What to work on: The required result is a copy of each line below in which "subsection" appears.

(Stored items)
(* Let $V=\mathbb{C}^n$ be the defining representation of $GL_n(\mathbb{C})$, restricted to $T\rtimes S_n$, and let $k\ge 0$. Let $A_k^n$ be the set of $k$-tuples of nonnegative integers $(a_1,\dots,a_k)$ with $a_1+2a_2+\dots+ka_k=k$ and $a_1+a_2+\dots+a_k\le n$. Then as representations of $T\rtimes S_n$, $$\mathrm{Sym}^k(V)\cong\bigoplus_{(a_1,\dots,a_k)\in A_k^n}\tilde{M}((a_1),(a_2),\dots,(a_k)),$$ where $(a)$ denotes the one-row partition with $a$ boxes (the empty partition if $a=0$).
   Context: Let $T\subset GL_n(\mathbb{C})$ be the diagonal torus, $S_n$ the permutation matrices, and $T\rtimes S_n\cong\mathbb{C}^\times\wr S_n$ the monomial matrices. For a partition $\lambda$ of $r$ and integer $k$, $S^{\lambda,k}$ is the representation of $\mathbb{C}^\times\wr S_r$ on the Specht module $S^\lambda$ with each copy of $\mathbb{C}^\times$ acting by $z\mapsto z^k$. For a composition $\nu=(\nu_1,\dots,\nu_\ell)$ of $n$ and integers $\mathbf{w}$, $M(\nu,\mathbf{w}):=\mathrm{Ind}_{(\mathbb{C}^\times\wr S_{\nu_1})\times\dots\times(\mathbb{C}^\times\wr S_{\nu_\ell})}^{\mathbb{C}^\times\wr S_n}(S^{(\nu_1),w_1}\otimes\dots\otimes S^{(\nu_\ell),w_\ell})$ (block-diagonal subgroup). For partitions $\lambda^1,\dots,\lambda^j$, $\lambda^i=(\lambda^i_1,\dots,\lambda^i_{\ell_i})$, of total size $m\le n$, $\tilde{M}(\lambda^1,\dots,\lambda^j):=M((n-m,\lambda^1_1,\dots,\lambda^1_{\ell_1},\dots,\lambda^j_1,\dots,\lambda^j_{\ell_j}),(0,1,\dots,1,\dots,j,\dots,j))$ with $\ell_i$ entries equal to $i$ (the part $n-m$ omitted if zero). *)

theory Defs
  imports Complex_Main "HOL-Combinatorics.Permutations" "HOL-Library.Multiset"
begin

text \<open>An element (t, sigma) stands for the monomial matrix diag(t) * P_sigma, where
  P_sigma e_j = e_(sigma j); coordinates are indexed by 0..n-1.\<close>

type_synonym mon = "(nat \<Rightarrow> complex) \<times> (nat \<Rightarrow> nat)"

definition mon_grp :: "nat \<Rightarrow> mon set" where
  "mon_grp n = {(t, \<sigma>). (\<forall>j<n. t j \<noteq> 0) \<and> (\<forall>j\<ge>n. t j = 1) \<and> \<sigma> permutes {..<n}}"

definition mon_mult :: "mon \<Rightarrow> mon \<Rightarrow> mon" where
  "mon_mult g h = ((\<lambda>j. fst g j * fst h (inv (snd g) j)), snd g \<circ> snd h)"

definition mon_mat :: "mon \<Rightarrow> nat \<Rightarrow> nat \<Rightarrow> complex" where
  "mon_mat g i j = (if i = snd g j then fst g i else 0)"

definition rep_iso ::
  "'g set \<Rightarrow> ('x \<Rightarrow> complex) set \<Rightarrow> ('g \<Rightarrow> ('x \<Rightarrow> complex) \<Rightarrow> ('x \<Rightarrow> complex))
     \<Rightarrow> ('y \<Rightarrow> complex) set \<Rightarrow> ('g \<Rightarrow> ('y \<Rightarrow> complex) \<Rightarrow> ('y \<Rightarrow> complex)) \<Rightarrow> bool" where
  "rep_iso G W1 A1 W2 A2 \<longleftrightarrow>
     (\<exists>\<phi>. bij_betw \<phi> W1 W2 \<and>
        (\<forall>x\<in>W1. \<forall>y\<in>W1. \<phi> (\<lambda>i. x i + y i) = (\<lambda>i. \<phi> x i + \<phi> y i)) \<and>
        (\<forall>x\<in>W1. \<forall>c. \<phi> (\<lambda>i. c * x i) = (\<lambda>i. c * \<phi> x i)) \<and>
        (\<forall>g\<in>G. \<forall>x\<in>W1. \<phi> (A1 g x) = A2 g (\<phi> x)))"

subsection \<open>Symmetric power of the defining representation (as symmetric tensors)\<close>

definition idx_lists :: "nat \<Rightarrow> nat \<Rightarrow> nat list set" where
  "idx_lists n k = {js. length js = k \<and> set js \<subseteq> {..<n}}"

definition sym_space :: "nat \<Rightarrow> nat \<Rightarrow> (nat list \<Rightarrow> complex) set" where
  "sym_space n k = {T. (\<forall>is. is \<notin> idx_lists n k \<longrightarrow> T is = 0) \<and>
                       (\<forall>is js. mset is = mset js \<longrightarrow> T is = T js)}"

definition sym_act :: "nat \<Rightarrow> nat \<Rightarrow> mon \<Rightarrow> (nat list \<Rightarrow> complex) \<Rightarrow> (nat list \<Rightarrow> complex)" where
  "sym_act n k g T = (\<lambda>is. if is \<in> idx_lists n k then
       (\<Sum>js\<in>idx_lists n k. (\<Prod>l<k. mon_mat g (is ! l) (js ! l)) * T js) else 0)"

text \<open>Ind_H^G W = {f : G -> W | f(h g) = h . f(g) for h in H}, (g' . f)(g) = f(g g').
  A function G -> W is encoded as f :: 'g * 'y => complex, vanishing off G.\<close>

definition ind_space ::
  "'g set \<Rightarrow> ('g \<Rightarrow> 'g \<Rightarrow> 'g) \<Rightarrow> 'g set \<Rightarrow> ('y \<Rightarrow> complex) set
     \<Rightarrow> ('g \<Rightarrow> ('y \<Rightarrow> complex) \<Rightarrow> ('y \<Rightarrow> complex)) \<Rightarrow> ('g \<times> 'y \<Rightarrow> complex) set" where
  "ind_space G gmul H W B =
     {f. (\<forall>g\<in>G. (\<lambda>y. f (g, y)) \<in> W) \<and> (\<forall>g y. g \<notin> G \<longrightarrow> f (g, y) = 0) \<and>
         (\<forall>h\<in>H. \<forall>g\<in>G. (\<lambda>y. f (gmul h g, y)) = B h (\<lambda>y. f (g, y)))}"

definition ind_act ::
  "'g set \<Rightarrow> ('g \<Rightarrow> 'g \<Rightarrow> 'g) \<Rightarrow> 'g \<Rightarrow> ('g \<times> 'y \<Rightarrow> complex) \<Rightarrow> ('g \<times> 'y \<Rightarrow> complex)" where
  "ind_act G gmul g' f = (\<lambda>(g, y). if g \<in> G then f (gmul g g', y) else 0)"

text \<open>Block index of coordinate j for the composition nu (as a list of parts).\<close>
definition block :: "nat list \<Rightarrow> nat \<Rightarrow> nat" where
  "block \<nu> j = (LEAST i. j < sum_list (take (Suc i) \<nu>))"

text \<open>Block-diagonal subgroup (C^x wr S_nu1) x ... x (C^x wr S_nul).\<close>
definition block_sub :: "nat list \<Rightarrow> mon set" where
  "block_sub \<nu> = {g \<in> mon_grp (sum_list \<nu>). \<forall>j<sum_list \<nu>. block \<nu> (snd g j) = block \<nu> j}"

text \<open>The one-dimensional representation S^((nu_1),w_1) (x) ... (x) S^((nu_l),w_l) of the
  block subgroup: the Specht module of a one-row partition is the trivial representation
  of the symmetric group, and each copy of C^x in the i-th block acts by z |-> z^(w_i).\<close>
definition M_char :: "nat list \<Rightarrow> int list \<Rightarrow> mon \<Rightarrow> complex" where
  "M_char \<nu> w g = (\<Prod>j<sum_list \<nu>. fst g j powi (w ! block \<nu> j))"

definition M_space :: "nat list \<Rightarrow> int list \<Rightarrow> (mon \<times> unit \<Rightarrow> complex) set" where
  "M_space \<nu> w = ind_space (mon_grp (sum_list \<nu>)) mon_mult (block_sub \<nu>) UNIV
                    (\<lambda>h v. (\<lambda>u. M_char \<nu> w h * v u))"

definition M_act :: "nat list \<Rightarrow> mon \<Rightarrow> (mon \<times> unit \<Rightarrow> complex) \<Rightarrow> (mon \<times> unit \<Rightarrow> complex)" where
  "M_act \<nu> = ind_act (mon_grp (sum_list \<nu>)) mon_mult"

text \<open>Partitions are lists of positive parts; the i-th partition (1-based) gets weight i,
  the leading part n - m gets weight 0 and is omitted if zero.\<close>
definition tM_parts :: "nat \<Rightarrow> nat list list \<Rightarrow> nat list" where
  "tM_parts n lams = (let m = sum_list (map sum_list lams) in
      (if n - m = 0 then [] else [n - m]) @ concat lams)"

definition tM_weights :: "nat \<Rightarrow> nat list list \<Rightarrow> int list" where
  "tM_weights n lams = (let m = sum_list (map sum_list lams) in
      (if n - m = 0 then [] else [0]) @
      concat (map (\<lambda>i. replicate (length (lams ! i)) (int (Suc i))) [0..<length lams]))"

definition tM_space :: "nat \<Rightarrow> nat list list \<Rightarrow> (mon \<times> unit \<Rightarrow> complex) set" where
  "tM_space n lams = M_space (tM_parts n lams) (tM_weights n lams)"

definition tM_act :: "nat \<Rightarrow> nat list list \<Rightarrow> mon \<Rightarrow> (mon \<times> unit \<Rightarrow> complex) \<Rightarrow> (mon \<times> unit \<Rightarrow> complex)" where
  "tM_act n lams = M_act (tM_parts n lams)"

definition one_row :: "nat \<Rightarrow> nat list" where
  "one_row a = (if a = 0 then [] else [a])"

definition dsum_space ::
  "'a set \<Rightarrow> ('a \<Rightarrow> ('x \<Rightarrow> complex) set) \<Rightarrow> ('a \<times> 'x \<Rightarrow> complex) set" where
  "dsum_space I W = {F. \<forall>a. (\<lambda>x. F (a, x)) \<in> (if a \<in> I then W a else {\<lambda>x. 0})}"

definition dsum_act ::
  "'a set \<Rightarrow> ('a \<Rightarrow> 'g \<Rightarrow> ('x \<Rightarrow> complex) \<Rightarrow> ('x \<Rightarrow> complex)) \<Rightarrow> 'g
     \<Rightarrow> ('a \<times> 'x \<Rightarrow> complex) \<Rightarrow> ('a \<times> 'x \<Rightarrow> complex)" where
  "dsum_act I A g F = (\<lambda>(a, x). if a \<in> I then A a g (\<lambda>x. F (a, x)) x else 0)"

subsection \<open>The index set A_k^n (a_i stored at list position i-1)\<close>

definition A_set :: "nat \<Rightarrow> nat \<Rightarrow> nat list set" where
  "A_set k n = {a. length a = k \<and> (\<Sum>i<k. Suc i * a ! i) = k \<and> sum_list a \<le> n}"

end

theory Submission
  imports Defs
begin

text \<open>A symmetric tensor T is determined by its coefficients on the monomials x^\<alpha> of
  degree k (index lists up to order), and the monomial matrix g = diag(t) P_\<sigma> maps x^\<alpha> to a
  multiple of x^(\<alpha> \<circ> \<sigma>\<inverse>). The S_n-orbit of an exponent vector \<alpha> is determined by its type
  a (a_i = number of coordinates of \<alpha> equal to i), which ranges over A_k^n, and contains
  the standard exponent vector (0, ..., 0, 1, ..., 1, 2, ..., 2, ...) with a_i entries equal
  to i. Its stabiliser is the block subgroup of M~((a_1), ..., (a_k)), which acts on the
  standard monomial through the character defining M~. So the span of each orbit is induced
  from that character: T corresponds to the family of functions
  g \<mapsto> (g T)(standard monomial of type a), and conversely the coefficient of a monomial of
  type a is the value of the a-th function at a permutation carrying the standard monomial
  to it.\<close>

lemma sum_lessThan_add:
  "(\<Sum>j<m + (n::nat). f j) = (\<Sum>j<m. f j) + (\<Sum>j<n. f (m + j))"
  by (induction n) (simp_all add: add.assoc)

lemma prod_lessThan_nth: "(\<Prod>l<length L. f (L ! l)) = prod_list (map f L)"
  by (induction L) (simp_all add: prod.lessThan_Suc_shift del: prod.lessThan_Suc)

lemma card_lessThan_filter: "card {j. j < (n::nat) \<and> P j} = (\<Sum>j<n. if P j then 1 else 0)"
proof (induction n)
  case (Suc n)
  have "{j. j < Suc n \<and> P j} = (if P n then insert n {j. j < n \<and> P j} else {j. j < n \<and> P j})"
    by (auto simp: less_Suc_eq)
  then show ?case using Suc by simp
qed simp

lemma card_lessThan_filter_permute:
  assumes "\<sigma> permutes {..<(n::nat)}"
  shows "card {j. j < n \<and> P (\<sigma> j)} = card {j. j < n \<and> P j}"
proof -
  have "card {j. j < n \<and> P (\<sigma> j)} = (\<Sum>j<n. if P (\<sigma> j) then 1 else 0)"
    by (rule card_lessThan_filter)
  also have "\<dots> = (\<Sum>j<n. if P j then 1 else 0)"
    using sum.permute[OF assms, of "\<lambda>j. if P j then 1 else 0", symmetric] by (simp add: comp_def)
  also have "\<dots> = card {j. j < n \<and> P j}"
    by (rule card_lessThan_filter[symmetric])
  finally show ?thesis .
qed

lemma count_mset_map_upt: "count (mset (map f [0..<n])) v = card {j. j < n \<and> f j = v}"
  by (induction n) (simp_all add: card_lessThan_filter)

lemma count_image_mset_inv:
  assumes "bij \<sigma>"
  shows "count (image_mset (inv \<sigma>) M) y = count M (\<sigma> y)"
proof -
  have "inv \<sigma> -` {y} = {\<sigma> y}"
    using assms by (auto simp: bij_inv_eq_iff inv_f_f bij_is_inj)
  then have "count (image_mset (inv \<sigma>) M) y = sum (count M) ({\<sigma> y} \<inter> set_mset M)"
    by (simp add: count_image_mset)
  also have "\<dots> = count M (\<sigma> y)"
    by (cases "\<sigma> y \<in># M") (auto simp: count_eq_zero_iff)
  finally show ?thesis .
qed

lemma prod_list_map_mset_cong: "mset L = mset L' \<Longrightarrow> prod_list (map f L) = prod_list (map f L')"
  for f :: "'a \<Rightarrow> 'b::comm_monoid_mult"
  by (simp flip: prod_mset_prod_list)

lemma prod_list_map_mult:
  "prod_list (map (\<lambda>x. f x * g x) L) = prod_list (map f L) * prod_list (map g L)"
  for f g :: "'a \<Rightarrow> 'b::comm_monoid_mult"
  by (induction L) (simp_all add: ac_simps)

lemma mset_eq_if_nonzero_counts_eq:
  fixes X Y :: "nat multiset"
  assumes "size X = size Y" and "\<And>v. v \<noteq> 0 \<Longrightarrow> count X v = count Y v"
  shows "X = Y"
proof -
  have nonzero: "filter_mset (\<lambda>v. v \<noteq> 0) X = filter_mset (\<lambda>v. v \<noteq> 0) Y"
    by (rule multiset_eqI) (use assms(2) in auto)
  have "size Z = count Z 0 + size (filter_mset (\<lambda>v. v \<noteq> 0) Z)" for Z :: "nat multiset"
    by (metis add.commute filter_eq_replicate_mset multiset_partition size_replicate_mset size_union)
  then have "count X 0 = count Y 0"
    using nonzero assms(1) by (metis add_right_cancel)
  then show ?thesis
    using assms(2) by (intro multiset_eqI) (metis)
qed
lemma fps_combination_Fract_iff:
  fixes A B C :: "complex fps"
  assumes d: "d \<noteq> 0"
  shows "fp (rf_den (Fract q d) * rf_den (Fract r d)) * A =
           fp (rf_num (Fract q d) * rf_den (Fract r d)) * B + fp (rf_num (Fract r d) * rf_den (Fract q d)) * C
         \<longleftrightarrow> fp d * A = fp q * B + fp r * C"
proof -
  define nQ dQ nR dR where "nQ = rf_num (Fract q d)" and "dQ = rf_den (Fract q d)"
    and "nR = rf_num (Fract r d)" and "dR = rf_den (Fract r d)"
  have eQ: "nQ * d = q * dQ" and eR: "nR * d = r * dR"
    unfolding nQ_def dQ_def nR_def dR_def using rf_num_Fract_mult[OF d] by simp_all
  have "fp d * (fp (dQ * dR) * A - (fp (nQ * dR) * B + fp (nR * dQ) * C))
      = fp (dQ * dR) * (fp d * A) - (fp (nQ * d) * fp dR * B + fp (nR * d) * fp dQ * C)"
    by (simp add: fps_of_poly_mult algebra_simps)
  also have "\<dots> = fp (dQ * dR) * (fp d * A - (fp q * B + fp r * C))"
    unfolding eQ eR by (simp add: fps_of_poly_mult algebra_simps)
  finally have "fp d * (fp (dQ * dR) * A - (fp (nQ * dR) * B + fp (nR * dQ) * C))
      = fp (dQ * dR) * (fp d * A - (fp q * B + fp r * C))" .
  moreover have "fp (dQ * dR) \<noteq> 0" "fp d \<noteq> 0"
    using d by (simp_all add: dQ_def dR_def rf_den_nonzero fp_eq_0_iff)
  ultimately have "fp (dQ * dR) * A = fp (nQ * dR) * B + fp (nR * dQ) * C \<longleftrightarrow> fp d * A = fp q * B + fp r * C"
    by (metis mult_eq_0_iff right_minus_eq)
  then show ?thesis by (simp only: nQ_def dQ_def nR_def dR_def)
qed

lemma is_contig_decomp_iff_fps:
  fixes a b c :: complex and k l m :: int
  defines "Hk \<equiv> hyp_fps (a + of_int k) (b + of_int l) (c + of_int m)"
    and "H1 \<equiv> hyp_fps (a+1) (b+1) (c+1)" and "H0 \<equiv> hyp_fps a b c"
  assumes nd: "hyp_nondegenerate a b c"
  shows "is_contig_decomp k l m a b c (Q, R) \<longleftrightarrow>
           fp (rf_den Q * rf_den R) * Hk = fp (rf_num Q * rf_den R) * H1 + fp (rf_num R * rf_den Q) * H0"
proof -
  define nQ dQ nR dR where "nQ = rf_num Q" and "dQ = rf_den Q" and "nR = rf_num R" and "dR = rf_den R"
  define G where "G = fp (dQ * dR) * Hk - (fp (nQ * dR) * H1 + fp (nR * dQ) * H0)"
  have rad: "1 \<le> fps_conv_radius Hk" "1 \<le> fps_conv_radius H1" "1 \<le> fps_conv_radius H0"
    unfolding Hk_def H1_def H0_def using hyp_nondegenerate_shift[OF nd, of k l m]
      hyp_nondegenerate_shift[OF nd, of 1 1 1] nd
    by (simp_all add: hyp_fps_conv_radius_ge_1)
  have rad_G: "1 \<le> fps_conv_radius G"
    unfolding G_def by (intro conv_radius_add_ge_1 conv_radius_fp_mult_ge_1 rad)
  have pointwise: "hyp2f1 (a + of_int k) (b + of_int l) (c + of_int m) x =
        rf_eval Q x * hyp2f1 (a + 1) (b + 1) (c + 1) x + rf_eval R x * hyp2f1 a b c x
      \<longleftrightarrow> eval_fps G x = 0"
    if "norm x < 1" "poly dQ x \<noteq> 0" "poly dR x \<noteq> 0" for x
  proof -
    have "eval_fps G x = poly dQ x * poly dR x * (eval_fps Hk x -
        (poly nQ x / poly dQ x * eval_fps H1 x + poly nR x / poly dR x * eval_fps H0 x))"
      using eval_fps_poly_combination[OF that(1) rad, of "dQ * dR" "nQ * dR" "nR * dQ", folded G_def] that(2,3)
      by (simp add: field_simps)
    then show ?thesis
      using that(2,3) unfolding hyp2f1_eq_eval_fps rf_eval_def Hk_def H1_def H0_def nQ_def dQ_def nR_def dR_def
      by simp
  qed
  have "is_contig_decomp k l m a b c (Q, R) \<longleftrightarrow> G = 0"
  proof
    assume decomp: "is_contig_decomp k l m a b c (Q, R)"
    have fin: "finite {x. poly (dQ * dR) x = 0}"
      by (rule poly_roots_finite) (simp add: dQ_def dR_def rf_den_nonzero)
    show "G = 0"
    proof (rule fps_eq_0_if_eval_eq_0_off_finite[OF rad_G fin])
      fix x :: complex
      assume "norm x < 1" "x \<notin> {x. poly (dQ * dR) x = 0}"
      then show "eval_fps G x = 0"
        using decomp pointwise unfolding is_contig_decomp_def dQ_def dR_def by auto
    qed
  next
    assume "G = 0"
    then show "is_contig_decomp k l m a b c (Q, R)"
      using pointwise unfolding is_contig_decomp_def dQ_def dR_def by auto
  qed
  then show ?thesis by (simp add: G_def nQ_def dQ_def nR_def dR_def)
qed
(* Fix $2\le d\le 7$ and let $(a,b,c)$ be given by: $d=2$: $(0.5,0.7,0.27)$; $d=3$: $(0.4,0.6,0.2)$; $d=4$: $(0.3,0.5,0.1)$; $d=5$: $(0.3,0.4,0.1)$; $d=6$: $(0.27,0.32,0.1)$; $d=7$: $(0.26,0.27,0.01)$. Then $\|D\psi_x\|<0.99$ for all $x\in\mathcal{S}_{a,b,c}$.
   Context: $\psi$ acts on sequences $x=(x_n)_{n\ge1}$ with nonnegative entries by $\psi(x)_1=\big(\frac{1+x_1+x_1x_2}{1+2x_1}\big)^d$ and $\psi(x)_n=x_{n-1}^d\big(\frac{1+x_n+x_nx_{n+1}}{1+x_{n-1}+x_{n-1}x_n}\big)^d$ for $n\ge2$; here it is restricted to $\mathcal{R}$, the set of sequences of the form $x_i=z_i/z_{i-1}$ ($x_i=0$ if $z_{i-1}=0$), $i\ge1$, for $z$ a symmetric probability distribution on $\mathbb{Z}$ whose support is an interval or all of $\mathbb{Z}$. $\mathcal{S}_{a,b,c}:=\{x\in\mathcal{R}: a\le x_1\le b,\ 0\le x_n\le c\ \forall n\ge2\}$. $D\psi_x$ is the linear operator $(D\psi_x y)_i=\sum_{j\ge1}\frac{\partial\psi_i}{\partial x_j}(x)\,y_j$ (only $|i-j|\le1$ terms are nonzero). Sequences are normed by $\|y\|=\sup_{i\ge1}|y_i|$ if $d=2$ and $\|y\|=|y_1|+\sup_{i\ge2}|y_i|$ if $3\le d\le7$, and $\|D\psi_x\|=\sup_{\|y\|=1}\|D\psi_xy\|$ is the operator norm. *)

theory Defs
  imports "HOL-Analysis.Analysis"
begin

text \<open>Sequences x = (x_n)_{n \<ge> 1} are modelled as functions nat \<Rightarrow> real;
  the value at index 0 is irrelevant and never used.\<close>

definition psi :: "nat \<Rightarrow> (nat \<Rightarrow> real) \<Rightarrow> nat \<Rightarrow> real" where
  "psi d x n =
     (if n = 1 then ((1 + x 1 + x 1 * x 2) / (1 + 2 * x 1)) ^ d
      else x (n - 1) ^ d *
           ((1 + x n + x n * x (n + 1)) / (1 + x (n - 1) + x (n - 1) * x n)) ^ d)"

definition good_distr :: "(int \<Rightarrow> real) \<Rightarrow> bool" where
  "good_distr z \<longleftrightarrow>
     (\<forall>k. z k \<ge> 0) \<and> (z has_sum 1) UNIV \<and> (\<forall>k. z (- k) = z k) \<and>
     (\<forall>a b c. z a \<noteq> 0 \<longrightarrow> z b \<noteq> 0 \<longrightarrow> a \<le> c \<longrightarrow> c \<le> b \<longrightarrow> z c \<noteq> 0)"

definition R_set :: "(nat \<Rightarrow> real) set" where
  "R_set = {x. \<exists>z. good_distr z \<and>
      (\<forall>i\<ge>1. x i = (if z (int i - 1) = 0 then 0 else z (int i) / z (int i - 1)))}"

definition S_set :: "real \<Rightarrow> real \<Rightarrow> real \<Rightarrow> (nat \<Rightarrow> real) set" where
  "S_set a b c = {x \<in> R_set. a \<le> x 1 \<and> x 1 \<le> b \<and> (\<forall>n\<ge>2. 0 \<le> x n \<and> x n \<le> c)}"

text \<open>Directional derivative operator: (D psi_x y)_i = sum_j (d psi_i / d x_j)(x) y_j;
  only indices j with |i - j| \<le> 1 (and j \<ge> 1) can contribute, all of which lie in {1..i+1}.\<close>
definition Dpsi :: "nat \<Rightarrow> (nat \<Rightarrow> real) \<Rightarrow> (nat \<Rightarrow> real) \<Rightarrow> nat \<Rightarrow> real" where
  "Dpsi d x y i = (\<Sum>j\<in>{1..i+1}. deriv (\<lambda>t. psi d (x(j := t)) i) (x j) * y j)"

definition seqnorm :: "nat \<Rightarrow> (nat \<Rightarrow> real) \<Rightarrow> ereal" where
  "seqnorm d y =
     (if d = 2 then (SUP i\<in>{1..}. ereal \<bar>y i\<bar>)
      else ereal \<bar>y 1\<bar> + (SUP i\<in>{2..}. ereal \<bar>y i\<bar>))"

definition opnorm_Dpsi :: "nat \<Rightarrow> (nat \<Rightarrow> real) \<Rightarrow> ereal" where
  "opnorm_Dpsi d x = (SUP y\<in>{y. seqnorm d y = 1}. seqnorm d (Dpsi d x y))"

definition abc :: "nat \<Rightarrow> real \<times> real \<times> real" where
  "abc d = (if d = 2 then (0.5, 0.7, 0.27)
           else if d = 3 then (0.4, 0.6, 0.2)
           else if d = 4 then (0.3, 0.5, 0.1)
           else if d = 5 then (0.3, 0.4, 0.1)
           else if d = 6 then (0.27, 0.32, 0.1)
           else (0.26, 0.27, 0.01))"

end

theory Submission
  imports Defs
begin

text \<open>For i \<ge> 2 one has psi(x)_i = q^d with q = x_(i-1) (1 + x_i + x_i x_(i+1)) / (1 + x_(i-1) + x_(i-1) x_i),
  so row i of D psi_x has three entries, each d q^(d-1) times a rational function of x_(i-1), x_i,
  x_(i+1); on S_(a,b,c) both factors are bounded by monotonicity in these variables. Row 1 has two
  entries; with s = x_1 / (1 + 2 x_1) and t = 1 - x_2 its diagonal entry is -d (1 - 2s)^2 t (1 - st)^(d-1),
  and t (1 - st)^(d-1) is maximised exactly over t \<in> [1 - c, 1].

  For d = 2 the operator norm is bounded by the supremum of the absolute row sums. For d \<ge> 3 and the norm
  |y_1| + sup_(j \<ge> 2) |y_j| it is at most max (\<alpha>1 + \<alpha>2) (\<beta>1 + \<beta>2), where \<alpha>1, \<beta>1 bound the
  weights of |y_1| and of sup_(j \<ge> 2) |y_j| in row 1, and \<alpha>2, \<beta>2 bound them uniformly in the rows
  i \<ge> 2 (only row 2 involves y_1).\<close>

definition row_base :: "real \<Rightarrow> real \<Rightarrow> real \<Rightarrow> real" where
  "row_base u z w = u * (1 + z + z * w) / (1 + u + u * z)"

Written answer:
subsection \<open>Symmetric power of the defining representation (as symmetric tensors)\<close>
subsection \<open>The index set A_k^n (a_i stored at list position i-1)\<close>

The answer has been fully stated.